*** RECORDS FOR THIS TASK

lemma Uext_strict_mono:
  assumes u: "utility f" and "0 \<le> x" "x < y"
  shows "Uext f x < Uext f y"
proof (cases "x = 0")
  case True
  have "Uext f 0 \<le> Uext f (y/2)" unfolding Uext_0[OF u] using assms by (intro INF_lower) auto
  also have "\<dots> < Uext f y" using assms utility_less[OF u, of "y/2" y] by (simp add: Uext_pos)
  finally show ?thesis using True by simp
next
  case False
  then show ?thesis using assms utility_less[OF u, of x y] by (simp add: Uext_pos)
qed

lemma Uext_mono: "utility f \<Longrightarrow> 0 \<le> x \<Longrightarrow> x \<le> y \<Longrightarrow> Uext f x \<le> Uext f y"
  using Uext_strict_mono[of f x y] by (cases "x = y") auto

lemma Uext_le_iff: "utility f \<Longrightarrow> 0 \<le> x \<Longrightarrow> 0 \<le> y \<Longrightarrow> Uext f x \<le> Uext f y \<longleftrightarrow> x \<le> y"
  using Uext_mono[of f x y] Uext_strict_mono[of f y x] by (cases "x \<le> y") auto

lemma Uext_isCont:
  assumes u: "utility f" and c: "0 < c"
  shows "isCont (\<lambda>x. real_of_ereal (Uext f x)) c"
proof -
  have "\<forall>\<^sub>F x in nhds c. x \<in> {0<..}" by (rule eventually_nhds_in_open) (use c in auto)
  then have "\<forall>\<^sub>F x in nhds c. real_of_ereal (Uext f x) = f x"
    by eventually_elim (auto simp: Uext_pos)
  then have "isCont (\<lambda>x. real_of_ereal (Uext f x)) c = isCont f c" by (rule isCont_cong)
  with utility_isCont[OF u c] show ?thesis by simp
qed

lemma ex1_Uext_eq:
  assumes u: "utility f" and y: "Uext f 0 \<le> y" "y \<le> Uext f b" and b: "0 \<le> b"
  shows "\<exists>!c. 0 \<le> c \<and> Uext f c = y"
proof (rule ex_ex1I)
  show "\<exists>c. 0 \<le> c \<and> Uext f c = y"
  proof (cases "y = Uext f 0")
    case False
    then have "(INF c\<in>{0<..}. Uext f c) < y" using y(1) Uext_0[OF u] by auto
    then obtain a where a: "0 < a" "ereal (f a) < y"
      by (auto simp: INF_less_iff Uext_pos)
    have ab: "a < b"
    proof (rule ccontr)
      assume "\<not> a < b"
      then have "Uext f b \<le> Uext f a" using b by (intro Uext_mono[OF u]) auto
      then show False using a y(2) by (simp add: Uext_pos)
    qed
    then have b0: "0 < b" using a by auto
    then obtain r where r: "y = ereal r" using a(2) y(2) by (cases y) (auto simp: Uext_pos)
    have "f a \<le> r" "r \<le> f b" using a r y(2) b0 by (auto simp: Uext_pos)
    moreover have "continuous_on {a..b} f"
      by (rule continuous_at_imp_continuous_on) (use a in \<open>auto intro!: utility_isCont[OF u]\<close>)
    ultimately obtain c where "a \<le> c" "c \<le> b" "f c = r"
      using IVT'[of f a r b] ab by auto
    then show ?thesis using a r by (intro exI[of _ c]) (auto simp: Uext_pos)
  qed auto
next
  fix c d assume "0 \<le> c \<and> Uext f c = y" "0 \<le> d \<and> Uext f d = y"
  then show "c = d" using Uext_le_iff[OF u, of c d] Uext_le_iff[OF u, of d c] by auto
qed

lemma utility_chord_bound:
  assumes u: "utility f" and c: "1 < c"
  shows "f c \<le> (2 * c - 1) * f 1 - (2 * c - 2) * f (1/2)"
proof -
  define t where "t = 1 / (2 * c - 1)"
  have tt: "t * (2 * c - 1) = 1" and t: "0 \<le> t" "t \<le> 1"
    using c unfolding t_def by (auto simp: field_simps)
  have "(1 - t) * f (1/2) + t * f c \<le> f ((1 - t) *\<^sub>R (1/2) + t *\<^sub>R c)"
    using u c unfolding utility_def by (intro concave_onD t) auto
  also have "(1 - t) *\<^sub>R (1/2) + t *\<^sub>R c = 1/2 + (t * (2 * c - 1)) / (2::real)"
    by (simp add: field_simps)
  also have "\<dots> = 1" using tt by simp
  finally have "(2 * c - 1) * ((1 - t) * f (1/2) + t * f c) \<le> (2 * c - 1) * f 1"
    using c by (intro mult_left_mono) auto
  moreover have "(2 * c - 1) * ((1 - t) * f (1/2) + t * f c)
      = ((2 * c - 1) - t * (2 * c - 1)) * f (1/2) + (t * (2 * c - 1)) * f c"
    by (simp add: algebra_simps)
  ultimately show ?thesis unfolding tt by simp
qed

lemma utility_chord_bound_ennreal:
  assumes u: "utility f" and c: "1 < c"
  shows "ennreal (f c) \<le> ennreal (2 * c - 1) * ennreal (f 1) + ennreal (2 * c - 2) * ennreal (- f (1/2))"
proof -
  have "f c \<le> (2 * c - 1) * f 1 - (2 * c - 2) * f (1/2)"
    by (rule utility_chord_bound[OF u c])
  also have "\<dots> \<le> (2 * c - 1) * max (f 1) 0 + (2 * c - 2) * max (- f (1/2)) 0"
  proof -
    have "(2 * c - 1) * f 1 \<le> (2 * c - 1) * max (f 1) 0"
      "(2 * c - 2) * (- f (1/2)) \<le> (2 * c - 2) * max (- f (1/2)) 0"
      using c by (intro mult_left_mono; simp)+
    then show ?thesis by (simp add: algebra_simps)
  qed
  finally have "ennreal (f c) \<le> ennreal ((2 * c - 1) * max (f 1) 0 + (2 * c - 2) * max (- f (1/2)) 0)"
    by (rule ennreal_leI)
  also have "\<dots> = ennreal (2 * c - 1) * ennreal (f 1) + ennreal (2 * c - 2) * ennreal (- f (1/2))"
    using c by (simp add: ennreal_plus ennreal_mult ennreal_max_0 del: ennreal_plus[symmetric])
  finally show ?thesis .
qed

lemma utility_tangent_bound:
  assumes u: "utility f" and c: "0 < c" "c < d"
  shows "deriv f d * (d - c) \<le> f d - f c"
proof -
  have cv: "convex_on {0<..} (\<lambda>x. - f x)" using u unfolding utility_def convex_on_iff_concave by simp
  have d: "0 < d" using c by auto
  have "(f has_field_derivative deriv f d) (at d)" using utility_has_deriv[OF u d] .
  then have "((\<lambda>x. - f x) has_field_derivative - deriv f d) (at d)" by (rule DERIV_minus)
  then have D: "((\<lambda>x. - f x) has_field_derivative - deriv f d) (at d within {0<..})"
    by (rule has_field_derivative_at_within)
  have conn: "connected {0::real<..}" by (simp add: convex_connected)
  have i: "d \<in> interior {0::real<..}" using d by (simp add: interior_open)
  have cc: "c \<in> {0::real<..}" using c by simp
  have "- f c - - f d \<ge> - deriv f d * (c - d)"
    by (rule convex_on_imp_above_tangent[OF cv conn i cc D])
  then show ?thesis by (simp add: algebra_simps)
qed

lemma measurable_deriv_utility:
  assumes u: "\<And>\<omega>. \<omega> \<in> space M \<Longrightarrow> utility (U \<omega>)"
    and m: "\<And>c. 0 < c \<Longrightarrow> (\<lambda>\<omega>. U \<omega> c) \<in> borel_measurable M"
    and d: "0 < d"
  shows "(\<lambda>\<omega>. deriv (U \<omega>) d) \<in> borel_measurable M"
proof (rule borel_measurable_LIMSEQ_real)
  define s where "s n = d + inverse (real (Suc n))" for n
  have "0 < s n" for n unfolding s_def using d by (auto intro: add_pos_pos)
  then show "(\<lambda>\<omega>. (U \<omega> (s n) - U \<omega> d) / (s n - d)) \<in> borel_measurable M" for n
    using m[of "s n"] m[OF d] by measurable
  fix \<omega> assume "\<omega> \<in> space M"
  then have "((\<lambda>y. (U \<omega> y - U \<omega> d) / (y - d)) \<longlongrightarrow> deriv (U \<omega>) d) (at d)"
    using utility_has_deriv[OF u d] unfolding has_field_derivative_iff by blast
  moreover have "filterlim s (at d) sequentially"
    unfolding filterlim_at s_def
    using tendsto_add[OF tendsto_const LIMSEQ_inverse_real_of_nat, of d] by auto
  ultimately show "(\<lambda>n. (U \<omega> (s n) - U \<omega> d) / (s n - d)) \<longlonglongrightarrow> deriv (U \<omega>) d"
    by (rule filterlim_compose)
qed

******

**EXERCISE DIRECTIONS**. Each line in the listing where the word "forall" is found is to be copied.

**SOLUTION FOR THIS TASK**.
  have "\<forall>\<^sub>F x in nhds c. x \<in> {0<..}" by (rule eventually_nhds_in_open) (use c in auto)
  then have "\<forall>\<^sub>F x in nhds c. real_of_ereal (Uext f x) = f x"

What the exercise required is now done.